**YOUR OBJECTIVE**. Only one stretch of the data below is needed. Output the lines from the one with "has_real_derivative D *" up to and including the one with "by (intro bdd_above_continuous_image_Icc", exactly as they stand.

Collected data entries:

inductive wsort :: "(nat \<rightharpoonup> nat \<times> nat) \<Rightarrow> 's wterm \<Rightarrow> nat \<times> nat \<Rightarrow> bool" where
  sVar:  "\<Gamma> Y = Some \<tau> \<Longrightarrow> wsort \<Gamma> (TVar Y) \<tau>"
| sSeq:  "wsort \<Gamma> P (k, n) \<Longrightarrow> wsort \<Gamma> R (n, l) \<Longrightarrow> wsort \<Gamma> (Seq P R) (k, l)"
| sTen:  "wsort \<Gamma> P (k, l) \<Longrightarrow> wsort \<Gamma> Q (m, n) \<Longrightarrow> wsort \<Gamma> (Ten P Q) (k + m, l + n)"
| sPref: "wsort \<Gamma> P (length u, length v) \<Longrightarrow> wsort \<Gamma> (Pref u v P) (length u, length v)"
| sMu:   "wsort (\<Gamma>(Y \<mapsto> \<tau>)) P \<tau> \<Longrightarrow> wsort \<Gamma> (Mu Y \<tau> P) \<tau>"
| sPlus: "wsort \<Gamma> P \<tau> \<Longrightarrow> wsort \<Gamma> Q \<tau> \<Longrightarrow> wsort \<Gamma> (Plus P Q) \<tau>"

section \<open>Transitions  P --a/b--> Q  (a top/left word, b bottom/right word)\<close>

definition iotas :: "nat \<Rightarrow> 's lab list" where
  "iotas k = replicate k None"

definition all_iota :: "'s lab list \<Rightarrow> bool" where
  "all_iota w \<longleftrightarrow> (\<forall>c \<in> set w. c = None)"

inductive trans :: "'s wterm \<Rightarrow> 's lab list \<Rightarrow> 's lab list \<Rightarrow> 's wterm \<Rightarrow> bool" where
  Refl:   "wsort Map.empty P (k, l) \<Longrightarrow> trans P (iotas k) (iotas l) P"
| IotaL:  "trans P (iotas k) (iotas l) R \<Longrightarrow> trans R a b Q \<Longrightarrow> trans P a b Q"
| IotaR:  "trans P a b R \<Longrightarrow> trans R (iotas k) (iotas l) Q \<Longrightarrow> trans P a b Q"
| Cut:    "trans P a c Q \<Longrightarrow> trans R c b S \<Longrightarrow> trans (Seq P R) a b (Seq Q S)"
| Tensor: "trans P a b Q \<Longrightarrow> trans R c d S \<Longrightarrow> trans (Ten P R) (a @ c) (b @ d) (Ten Q S)"
| Prefix: "trans (Pref u v P) (inst_word \<sigma> u) (inst_word \<sigma> v) (subst_sig \<sigma> (bd u v) P)"
| Rec:    "trans (subst_rec Y (Mu Y \<tau> P) P) a b Q \<Longrightarrow> trans (Mu Y \<tau> P) a b Q"
| PlusI:  "trans P (iotas k) (iotas l) Q \<Longrightarrow> trans R (iotas k) (iotas l) S
             \<Longrightarrow> trans (Plus P R) (iotas k) (iotas l) (Plus Q S)"
| PlusL:  "trans P a b Q \<Longrightarrow> \<not> all_iota (a @ b) \<Longrightarrow> trans (Plus P R) a b Q"
| PlusR:  "trans P a b Q \<Longrightarrow> \<not> all_iota (a @ b) \<Longrightarrow> trans (Plus R P) a b Q"

definition bisimulation :: "('s wterm \<times> 's wterm) set \<Rightarrow> bool" where
  "bisimulation S \<longleftrightarrow>
     (\<forall>(P, Q) \<in> S.
        (\<forall>a b P'. trans P a b P' \<longrightarrow> (\<exists>Q'. trans Q a b Q' \<and> (P', Q') \<in> S)) \<and>
        (\<forall>a b Q'. trans Q a b Q' \<longrightarrow> (\<exists>P'. trans P a b P' \<and> (P', Q') \<in> S)))"

definition bisim :: "'s wterm \<Rightarrow> 's wterm \<Rightarrow> bool" (infix "\<sim>w" 50) where
  "P \<sim>w Q \<longleftrightarrow> (\<exists>S. (P, Q) \<in> S \<and> bisimulation S)"

definition zero :: "'s wterm" where
  "zero = Mu 0 (0, 0) (TVar 0)"

text \<open>I_k = mu Y. (lambda x1..lambda xk)/(lambda x1..lambda xk). Y  for k \<ge> 1, I_0 = 0;
  signal variable x_i is named i, recursion variable Y is named 0.\<close>
definition Iw :: "nat \<Rightarrow> 's wterm" where
  "Iw k = (if k = 0 then zero
           else Mu 0 (k, k) (Pref (map ABind [1..<k+1]) (map ABind [1..<k+1]) (TVar 0)))"

definition dd :: "'s wterm" where
  "dd = Mu 0 (0, 2) (Pref [] [ABind 1, ABind 1] (TVar 0))"

definition ee :: "'s wterm" where
  "ee = Mu 0 (2, 0) (Pref [ABind 1, ABind 1] [] (TVar 0))"

text \<open>Tensor is read left-associatively: I (x) d_n (x) I = (I (x) d_n) (x) I.\<close>
fun dn :: "nat \<Rightarrow> 's wterm" where
  "dn 0 = zero"
| "dn (Suc 0) = dd"
| "dn (Suc (Suc n)) = Seq dd (Ten (Ten (Iw 1) (dn (Suc n))) (Iw 1))"

fun en :: "nat \<Rightarrow> 's wterm" where
  "en 0 = zero"
| "en (Suc 0) = ee"
| "en (Suc (Suc n)) = Seq (Ten (Ten (Iw (Suc n)) ee) (Iw (Suc n))) (en (Suc n))"

end

theory Submission
  imports Defs
begin
lemma moreau_maxval_F_1_concave_has_real_derivative:
  assumes lam: "lam > 0" and rho: "rho > 0" and "D \<ge> 0" and mu_sq: "mu\<^sup>2 \<le> lam * rho"
  shows "(moreau UNIV lam (maxval {- D / 2 .. D / 2} (F 1 (-1) lam mu rho))
            has_real_derivative D * mu * (lam * rho - mu\<^sup>2) / (lam * rho + mu\<^sup>2)) (at (- D * mu / (2 * lam)))"
proof -
  define s where "s = lam * rho + mu\<^sup>2"
  have s_pos: "s > 0"
    using lam rho by (simp add: s_def add_pos_nonneg)
  define x0 where "x0 = - D * mu / (2 * lam)"
  \<comment> \<open>\<open>y0 = \<mu> ub / \<rho>\<close> is the unconstrained maximiser of \<open>F(ub,\<cdot>)\<close>, and \<open>ub\<close> the proximal point of
    \<open>x0\<close> for the piece \<open>F(\<cdot>,y0)\<close>; solving both equations together gives:\<close>
  define ub where "ub = - D * mu * rho / s"
  define y0 where "y0 = - D * mu\<^sup>2 / s"
  have y0_mem: "y0 \<in> {- D / 2 .. D / 2}"
  proof -
    have "D * (2 * mu\<^sup>2) \<le> D * s"
      using mu_sq \<open>D \<ge> 0\<close> by (intro mult_left_mono) (auto simp: s_def)
    then show ?thesis
      using s_pos \<open>D \<ge> 0\<close> by (auto simp: y0_def field_simps intro: order_trans [rotated])
  qed
  have mu_ub: "mu * ub = rho * y0"
    by (simp add: ub_def y0_def power2_eq_square)
  have deriv: "(moreau UNIV lam (maxval {- D / 2 .. D / 2} (F 1 (-1) lam mu rho))
          has_real_derivative 2 * lam * (x0 - ub)) (at x0)"
  proof (rule moreau_maxval_has_real_derivative[OF lam y0_mem, where a = "- rho * y0\<^sup>2 / 2" and b = "mu * y0"])
    show "bdd_above (F 1 (-1) lam mu rho x ` {- D / 2 .. D / 2})" for x
      by (intro bdd_above_continuous_image_Icc continuous_on_F)
    show "F 1 (-1) lam mu rho u y0 = - lam * u\<^sup>2 / 2 + - rho * y0\<^sup>2 / 2 + mu * y0 * u" for u
      unfolding F_1_eq by (simp add: algebra_simps)
    show "F 1 (-1) lam mu rho ub y \<le> F 1 (-1) lam mu rho ub y0" for y
    proof -
      have "0 \<le> rho * (y - y0)\<^sup>2"
        using rho by simp
      then show ?thesis
        unfolding F_1_eq by (simp add: mu_ub power2_eq_square algebra_simps)
    qed
    have "lam * ub = - D * mu * (s - mu\<^sup>2) / s"
      by (simp add: ub_def s_def)
    also have "\<dots> = 2 * lam * x0 - mu * y0"
      using s_pos lam by (simp add: x0_def y0_def field_simps power2_eq_square)
    finally show "lam * ub = 2 * lam * x0 - mu * y0" .
  qed
  have "2 * lam * (x0 - ub) = D * mu * (2 * (lam * rho) - s) / s"
    using s_pos lam by (simp add: ub_def x0_def field_simps)
  also have "\<dots> = D * mu * (lam * rho - mu\<^sup>2) / s"
    by (simp add: s_def)
  finally show ?thesis
    using deriv by (simp add: x0_def s_def)
qed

**PROBLEM SOLUTION**.
            has_real_derivative D * mu * (lam * rho - mu\<^sup>2) / (lam * rho + mu\<^sup>2)) (at (- D * mu / (2 * lam)))"
proof -
  define s where "s = lam * rho + mu\<^sup>2"
  have s_pos: "s > 0"
    using lam rho by (simp add: s_def add_pos_nonneg)
  define x0 where "x0 = - D * mu / (2 * lam)"
  \<comment> \<open>\<open>y0 = \<mu> ub / \<rho>\<close> is the unconstrained maximiser of \<open>F(ub,\<cdot>)\<close>, and \<open>ub\<close> the proximal point of
    \<open>x0\<close> for the piece \<open>F(\<cdot>,y0)\<close>; solving both equations together gives:\<close>
  define ub where "ub = - D * mu * rho / s"
  define y0 where "y0 = - D * mu\<^sup>2 / s"
  have y0_mem: "y0 \<in> {- D / 2 .. D / 2}"
  proof -
    have "D * (2 * mu\<^sup>2) \<le> D * s"
      using mu_sq \<open>D \<ge> 0\<close> by (intro mult_left_mono) (auto simp: s_def)
    then show ?thesis
      using s_pos \<open>D \<ge> 0\<close> by (auto simp: y0_def field_simps intro: order_trans [rotated])
  qed
  have mu_ub: "mu * ub = rho * y0"
    by (simp add: ub_def y0_def power2_eq_square)
  have deriv: "(moreau UNIV lam (maxval {- D / 2 .. D / 2} (F 1 (-1) lam mu rho))
          has_real_derivative 2 * lam * (x0 - ub)) (at x0)"
  proof (rule moreau_maxval_has_real_derivative[OF lam y0_mem, where a = "- rho * y0\<^sup>2 / 2" and b = "mu * y0"])
    show "bdd_above (F 1 (-1) lam mu rho x ` {- D / 2 .. D / 2})" for x
      by (intro bdd_above_continuous_image_Icc continuous_on_F)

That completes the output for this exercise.